* [ACTIVITY]
Could you reproduce the lines below from the one with "j k \<in> I_set" through the one with "using assms by (simp add: field_simps)"? Keep both ends and add nothing.

☆ ☆ ☆

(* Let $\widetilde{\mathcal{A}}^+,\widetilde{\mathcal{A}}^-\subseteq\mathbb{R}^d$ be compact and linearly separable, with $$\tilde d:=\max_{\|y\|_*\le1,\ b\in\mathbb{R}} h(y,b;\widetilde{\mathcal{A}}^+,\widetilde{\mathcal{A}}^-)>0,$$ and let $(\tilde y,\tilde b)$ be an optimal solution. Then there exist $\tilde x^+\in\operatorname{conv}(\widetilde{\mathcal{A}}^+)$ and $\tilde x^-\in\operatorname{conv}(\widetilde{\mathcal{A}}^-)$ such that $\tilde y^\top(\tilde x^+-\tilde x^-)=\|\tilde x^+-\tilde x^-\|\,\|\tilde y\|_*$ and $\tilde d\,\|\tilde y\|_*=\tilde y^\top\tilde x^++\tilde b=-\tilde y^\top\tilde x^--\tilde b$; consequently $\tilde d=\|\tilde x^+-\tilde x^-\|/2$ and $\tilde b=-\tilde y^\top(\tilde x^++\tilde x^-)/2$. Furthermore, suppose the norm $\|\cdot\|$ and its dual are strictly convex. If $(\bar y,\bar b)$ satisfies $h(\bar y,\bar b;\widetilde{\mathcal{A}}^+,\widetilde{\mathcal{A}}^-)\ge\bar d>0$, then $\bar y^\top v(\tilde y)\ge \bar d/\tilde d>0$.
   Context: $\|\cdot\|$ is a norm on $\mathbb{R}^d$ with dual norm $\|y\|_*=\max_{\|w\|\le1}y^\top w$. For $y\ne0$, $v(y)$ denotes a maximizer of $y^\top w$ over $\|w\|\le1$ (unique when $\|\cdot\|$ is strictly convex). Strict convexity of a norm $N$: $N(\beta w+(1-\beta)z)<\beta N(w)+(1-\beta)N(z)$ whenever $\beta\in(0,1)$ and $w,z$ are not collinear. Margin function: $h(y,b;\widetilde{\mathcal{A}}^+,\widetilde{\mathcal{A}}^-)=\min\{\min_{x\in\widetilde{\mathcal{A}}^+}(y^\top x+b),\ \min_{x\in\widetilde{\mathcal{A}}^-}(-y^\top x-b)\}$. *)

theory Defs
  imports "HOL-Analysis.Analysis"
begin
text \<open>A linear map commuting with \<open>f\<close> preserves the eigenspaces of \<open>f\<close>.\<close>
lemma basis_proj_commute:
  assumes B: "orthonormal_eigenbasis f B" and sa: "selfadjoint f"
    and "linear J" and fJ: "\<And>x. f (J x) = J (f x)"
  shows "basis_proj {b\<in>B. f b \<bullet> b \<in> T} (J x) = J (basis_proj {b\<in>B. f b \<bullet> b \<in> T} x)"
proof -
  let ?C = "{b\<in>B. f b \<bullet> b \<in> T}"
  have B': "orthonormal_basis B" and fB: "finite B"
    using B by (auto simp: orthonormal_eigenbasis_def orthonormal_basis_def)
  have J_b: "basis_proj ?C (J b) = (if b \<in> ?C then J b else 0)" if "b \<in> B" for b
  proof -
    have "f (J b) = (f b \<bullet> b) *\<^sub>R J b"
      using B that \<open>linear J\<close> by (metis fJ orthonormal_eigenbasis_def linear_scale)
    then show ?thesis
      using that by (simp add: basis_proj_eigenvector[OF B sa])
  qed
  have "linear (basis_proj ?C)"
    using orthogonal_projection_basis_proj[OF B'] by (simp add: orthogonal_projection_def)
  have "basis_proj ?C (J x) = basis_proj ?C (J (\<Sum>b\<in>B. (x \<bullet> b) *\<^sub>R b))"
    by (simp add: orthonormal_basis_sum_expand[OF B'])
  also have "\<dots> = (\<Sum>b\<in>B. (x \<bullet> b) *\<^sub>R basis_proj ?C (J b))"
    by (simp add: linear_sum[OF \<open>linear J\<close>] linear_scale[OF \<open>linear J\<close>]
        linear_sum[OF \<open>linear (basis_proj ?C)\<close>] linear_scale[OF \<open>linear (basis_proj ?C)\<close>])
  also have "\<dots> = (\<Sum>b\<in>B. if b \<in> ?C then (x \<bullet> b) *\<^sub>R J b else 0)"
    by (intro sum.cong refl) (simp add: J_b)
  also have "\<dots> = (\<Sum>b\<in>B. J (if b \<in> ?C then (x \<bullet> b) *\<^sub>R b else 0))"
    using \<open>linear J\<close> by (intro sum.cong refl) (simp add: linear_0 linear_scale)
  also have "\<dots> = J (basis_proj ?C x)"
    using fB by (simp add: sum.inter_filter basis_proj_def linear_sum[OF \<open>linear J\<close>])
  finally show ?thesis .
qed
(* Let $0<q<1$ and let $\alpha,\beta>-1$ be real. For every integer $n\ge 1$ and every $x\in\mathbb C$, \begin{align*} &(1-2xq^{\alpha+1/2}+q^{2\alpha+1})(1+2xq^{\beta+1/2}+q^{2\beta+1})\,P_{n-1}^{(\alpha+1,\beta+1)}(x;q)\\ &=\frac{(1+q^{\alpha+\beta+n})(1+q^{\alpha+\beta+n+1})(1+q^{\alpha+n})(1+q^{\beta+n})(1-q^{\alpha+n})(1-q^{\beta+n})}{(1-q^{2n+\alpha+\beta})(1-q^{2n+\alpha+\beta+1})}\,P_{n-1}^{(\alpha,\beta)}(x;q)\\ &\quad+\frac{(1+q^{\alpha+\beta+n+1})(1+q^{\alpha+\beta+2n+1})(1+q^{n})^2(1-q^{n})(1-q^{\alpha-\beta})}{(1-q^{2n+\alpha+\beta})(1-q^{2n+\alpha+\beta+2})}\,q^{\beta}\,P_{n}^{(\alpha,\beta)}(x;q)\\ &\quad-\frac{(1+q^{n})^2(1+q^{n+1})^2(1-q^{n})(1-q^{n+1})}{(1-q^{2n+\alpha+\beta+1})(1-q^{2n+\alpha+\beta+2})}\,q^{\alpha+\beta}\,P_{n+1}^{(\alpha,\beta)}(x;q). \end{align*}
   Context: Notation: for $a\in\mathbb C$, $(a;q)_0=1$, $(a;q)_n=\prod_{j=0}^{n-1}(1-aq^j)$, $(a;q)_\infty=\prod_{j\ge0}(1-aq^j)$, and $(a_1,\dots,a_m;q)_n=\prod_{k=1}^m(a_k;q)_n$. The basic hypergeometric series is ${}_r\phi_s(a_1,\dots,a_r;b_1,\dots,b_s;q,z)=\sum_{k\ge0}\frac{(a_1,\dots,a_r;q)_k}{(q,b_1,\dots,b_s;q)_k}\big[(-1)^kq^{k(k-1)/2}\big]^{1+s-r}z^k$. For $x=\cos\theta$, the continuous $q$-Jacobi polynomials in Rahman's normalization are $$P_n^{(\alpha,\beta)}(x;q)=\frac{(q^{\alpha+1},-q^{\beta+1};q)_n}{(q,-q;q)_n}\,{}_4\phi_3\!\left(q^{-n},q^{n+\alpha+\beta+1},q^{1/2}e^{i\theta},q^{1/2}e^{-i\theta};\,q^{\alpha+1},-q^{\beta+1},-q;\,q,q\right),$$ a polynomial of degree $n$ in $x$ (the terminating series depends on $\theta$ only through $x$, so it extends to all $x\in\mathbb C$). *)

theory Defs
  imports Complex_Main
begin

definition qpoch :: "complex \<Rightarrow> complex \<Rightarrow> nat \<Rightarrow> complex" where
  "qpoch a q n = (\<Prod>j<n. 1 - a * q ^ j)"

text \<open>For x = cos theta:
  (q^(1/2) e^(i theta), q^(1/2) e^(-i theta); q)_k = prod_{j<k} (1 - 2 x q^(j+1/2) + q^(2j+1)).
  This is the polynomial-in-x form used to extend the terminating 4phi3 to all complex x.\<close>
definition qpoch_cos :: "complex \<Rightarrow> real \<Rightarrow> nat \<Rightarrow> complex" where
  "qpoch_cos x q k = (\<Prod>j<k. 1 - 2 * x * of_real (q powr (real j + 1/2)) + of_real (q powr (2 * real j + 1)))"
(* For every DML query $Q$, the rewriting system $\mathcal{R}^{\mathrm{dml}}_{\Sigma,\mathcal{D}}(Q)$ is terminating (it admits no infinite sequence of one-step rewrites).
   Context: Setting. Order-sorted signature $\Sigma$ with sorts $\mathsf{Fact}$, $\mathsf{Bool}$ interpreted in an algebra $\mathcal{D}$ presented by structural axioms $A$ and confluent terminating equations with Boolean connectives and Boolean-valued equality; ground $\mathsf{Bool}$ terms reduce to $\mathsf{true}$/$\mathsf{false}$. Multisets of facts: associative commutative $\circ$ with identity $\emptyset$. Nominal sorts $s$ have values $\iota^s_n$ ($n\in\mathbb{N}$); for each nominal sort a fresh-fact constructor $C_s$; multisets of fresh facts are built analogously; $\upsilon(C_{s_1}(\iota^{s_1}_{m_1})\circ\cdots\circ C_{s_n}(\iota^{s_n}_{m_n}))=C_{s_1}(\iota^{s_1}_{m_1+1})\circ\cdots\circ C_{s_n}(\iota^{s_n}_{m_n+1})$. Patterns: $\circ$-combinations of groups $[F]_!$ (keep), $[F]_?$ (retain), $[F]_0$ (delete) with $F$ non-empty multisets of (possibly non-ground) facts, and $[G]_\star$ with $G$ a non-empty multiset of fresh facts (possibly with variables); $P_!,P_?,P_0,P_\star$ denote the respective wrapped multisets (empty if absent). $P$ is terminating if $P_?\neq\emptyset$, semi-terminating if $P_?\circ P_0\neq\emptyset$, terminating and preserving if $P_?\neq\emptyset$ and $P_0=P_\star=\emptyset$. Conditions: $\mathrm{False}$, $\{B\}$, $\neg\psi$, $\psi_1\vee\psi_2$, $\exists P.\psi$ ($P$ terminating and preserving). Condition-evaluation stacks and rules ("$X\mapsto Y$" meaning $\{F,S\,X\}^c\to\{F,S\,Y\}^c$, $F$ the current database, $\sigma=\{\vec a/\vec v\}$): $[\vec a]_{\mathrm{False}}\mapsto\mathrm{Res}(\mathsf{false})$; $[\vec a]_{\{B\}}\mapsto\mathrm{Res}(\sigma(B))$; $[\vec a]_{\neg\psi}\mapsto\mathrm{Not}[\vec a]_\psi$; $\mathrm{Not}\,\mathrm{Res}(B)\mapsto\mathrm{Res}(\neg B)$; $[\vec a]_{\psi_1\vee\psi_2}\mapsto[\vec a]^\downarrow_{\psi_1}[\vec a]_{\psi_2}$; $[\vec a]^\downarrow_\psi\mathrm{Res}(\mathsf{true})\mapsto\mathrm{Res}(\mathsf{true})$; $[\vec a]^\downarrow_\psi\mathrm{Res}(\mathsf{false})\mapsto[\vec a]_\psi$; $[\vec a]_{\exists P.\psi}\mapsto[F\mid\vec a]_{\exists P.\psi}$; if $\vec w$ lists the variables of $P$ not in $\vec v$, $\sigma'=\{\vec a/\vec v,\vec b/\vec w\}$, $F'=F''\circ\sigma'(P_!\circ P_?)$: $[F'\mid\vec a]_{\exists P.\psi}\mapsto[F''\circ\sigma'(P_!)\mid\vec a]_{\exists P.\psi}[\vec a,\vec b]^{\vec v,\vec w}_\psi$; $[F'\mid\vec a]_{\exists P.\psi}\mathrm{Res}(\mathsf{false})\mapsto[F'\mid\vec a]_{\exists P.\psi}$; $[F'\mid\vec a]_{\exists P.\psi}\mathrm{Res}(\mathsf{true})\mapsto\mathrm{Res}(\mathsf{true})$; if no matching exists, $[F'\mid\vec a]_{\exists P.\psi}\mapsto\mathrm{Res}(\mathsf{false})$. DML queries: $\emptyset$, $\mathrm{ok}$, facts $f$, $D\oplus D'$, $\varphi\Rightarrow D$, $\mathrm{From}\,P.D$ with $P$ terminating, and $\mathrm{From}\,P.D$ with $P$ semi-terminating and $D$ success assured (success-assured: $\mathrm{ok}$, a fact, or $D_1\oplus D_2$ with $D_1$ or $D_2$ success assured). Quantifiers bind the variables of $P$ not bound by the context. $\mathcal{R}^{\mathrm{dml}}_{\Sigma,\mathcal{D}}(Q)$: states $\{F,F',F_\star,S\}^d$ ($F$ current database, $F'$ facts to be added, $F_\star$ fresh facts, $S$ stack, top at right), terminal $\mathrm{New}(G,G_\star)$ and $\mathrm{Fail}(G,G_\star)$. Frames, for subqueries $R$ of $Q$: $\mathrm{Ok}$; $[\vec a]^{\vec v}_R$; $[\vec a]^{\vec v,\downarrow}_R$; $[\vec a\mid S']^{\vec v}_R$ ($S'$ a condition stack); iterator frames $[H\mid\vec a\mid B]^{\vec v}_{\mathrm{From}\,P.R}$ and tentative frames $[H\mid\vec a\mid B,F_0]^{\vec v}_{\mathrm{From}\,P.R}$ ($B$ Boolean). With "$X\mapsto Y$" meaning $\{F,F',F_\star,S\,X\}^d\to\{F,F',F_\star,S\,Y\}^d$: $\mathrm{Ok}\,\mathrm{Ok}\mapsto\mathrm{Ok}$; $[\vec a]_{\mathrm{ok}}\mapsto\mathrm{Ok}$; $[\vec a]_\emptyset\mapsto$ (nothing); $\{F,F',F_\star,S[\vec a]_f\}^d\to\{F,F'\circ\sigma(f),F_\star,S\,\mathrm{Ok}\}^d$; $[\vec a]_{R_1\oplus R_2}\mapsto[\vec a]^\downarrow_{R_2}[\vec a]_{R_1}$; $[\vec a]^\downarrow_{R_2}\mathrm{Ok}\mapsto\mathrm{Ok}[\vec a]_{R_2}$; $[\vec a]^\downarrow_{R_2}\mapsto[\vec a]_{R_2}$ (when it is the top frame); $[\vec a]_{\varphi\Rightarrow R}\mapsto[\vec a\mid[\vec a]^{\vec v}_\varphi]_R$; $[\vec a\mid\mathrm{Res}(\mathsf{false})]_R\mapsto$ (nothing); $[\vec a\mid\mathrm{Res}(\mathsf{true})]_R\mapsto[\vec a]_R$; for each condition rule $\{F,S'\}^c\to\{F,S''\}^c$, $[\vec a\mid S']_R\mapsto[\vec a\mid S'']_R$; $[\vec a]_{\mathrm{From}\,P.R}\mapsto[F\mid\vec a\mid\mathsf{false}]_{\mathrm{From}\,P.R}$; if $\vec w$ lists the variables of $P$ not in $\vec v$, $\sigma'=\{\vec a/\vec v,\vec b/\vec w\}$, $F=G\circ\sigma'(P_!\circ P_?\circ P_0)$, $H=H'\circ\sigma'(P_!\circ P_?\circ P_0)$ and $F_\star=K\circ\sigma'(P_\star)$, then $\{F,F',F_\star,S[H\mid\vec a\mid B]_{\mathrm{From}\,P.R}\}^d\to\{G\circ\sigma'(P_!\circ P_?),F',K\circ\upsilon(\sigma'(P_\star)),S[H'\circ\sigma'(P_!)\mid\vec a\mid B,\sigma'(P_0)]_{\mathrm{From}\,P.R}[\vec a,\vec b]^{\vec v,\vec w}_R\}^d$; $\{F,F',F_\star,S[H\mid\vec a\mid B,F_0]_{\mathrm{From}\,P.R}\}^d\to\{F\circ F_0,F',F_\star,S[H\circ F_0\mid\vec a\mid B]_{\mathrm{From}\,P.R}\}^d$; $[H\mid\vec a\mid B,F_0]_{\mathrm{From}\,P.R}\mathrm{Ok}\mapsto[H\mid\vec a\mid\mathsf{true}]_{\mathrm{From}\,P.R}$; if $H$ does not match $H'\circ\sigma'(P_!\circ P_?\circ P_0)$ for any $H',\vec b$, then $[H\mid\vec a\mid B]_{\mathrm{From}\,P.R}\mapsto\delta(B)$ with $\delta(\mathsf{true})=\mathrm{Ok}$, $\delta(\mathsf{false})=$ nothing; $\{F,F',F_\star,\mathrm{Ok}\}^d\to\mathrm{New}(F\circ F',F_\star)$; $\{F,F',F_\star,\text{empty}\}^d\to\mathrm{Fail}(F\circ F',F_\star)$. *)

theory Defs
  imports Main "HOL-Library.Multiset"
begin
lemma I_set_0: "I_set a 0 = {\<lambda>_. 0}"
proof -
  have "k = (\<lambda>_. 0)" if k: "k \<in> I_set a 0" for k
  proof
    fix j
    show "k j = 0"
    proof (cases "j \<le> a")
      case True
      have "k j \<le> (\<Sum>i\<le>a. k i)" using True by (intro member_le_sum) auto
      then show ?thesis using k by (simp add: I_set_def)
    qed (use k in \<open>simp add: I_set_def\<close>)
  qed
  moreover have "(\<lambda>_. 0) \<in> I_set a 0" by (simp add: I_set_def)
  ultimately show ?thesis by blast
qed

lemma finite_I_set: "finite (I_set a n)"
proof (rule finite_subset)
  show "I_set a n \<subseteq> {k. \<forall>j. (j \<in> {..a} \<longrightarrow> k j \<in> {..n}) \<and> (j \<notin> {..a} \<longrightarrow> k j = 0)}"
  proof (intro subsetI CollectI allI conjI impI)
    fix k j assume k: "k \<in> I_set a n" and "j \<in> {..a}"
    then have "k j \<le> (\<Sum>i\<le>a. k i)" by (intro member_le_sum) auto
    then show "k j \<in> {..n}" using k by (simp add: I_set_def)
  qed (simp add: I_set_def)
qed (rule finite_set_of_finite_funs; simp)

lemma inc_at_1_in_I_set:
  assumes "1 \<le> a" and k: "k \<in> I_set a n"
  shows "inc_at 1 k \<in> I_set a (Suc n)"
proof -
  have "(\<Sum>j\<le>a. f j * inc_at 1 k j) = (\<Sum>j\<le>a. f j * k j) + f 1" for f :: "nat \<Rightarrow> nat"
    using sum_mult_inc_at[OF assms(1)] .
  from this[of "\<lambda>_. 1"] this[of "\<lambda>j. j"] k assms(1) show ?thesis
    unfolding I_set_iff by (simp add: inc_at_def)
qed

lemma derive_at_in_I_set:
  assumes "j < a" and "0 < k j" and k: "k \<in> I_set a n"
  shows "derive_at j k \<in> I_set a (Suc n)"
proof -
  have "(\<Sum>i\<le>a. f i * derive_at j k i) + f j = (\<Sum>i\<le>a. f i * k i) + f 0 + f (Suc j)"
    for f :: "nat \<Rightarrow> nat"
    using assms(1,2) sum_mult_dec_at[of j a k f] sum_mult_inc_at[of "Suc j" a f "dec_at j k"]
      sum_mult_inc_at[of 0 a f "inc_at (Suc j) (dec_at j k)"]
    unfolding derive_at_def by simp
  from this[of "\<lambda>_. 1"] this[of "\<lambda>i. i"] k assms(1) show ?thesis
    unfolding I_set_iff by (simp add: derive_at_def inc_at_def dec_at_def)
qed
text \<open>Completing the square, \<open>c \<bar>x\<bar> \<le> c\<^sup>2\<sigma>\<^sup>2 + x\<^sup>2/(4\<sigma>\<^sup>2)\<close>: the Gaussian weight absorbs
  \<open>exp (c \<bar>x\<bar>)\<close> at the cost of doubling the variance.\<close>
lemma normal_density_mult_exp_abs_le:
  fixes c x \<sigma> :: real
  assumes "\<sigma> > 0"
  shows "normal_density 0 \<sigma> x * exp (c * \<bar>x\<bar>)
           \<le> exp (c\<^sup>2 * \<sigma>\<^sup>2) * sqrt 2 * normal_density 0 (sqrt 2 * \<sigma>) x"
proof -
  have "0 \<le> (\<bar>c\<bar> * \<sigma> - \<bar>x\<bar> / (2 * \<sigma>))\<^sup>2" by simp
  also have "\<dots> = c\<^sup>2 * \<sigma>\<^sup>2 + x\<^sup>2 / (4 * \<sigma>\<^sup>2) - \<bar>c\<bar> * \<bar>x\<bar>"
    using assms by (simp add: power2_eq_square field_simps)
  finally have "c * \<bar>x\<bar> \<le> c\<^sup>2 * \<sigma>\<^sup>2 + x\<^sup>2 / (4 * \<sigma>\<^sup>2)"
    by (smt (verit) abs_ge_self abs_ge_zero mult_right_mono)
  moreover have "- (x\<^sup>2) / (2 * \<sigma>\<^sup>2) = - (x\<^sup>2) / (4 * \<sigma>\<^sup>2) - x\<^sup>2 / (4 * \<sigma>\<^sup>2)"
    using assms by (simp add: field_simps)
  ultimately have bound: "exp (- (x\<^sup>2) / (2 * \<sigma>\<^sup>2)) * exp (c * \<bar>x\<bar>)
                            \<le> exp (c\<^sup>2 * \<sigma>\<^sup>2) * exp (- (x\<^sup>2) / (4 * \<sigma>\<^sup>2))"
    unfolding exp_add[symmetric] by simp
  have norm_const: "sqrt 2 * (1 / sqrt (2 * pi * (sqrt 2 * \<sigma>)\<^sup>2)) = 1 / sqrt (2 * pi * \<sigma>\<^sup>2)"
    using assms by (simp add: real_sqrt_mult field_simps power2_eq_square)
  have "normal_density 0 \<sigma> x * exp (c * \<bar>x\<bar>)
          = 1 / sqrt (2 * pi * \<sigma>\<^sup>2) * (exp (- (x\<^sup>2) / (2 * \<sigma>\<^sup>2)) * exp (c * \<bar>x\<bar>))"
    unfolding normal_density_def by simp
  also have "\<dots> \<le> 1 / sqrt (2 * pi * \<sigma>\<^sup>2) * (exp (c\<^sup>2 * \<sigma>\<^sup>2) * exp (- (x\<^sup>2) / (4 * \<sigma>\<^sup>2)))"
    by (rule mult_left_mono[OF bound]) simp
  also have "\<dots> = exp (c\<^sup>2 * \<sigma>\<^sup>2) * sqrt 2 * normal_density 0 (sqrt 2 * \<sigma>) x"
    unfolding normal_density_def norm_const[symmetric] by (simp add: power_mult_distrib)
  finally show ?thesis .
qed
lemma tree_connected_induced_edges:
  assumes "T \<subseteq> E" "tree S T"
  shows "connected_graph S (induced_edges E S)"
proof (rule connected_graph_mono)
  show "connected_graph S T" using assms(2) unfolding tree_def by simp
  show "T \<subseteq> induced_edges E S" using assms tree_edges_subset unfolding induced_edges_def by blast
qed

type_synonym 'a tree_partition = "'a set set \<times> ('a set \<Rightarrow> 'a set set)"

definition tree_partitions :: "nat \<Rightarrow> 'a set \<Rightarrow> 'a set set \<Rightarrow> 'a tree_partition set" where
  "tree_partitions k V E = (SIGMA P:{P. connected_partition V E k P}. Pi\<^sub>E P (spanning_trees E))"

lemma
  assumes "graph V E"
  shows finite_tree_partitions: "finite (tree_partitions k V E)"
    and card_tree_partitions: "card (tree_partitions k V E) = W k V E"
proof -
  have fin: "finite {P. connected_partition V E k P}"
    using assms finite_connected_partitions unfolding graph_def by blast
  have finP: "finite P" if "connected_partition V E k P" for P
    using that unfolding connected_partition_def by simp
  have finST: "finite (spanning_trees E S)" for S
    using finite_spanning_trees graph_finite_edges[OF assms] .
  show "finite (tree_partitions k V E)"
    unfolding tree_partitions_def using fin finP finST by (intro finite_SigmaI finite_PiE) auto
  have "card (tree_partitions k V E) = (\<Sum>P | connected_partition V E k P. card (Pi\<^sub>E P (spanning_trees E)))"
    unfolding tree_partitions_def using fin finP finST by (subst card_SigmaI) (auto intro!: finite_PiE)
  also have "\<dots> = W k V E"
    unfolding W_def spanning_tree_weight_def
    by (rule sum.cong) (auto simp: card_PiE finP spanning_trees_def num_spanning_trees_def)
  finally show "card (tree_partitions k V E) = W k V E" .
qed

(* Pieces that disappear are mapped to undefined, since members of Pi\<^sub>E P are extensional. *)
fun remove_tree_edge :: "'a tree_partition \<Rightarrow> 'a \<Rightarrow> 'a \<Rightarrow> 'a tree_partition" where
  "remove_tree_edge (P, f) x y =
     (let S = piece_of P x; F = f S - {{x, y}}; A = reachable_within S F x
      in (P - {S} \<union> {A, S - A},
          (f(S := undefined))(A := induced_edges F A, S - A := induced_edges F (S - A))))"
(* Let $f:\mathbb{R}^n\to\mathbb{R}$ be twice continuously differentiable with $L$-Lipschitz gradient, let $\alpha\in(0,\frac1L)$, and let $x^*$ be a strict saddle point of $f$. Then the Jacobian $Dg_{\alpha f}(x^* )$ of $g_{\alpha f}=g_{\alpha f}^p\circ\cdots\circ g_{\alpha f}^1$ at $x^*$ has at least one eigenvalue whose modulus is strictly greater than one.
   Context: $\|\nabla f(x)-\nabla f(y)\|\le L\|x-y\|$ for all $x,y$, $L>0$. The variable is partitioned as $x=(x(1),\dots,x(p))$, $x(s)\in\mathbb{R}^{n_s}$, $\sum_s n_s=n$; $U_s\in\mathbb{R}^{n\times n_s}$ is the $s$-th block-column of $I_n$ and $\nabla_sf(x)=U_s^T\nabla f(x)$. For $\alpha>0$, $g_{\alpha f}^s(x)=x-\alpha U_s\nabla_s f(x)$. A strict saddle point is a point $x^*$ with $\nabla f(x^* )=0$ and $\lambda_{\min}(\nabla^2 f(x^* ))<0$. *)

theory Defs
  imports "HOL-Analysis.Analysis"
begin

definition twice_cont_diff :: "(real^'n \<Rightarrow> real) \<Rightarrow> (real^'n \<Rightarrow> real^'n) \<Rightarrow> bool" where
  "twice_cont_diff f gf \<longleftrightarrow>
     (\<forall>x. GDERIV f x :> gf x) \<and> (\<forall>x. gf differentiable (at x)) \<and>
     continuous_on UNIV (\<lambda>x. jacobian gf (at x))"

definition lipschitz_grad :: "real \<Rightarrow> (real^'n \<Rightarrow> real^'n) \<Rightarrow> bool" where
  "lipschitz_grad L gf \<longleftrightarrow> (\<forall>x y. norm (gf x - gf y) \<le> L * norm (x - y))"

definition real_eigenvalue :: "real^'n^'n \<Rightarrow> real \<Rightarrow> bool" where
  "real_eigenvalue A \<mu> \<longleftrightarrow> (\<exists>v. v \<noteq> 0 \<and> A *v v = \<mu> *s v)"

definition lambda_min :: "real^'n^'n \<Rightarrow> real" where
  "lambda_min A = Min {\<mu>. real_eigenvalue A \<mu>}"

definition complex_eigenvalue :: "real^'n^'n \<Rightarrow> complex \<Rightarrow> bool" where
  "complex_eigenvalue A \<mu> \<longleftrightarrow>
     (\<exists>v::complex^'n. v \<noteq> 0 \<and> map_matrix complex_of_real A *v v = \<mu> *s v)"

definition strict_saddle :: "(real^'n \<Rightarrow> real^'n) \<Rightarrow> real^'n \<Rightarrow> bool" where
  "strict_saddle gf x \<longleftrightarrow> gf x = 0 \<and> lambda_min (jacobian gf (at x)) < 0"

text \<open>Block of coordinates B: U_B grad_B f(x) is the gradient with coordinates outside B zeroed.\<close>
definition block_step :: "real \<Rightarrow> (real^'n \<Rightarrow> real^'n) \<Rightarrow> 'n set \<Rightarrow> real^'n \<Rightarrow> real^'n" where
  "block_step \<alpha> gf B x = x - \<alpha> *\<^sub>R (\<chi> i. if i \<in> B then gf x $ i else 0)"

☆ ☆ ☆

* [RESPONSE AREA]
  shows "derive_at j k \<in> I_set a (Suc n)"
proof -
  have "(\<Sum>i\<le>a. f i * derive_at j k i) + f j = (\<Sum>i\<le>a. f i * k i) + f 0 + f (Suc j)"
    for f :: "nat \<Rightarrow> nat"
    using assms(1,2) sum_mult_dec_at[of j a k f] sum_mult_inc_at[of "Suc j" a f "dec_at j k"]
      sum_mult_inc_at[of 0 a f "inc_at (Suc j) (dec_at j k)"]
    unfolding derive_at_def by simp
  from this[of "\<lambda>_. 1"] this[of "\<lambda>i. i"] k assms(1) show ?thesis
    unfolding I_set_iff by (simp add: derive_at_def inc_at_def dec_at_def)
qed
text \<open>Completing the square, \<open>c \<bar>x\<bar> \<le> c\<^sup>2\<sigma>\<^sup>2 + x\<^sup>2/(4\<sigma>\<^sup>2)\<close>: the Gaussian weight absorbs
  \<open>exp (c \<bar>x\<bar>)\<close> at the cost of doubling the variance.\<close>
lemma normal_density_mult_exp_abs_le:
  fixes c x \<sigma> :: real
  assumes "\<sigma> > 0"
  shows "normal_density 0 \<sigma> x * exp (c * \<bar>x\<bar>)
           \<le> exp (c\<^sup>2 * \<sigma>\<^sup>2) * sqrt 2 * normal_density 0 (sqrt 2 * \<sigma>) x"
proof -
  have "0 \<le> (\<bar>c\<bar> * \<sigma> - \<bar>x\<bar> / (2 * \<sigma>))\<^sup>2" by simp
  also have "\<dots> = c\<^sup>2 * \<sigma>\<^sup>2 + x\<^sup>2 / (4 * \<sigma>\<^sup>2) - \<bar>c\<bar> * \<bar>x\<bar>"
    using assms by (simp add: power2_eq_square field_simps)
  finally have "c * \<bar>x\<bar> \<le> c\<^sup>2 * \<sigma>\<^sup>2 + x\<^sup>2 / (4 * \<sigma>\<^sup>2)"
    by (smt (verit) abs_ge_self abs_ge_zero mult_right_mono)
  moreover have "- (x\<^sup>2) / (2 * \<sigma>\<^sup>2) = - (x\<^sup>2) / (4 * \<sigma>\<^sup>2) - x\<^sup>2 / (4 * \<sigma>\<^sup>2)"
    using assms by (simp add: field_simps)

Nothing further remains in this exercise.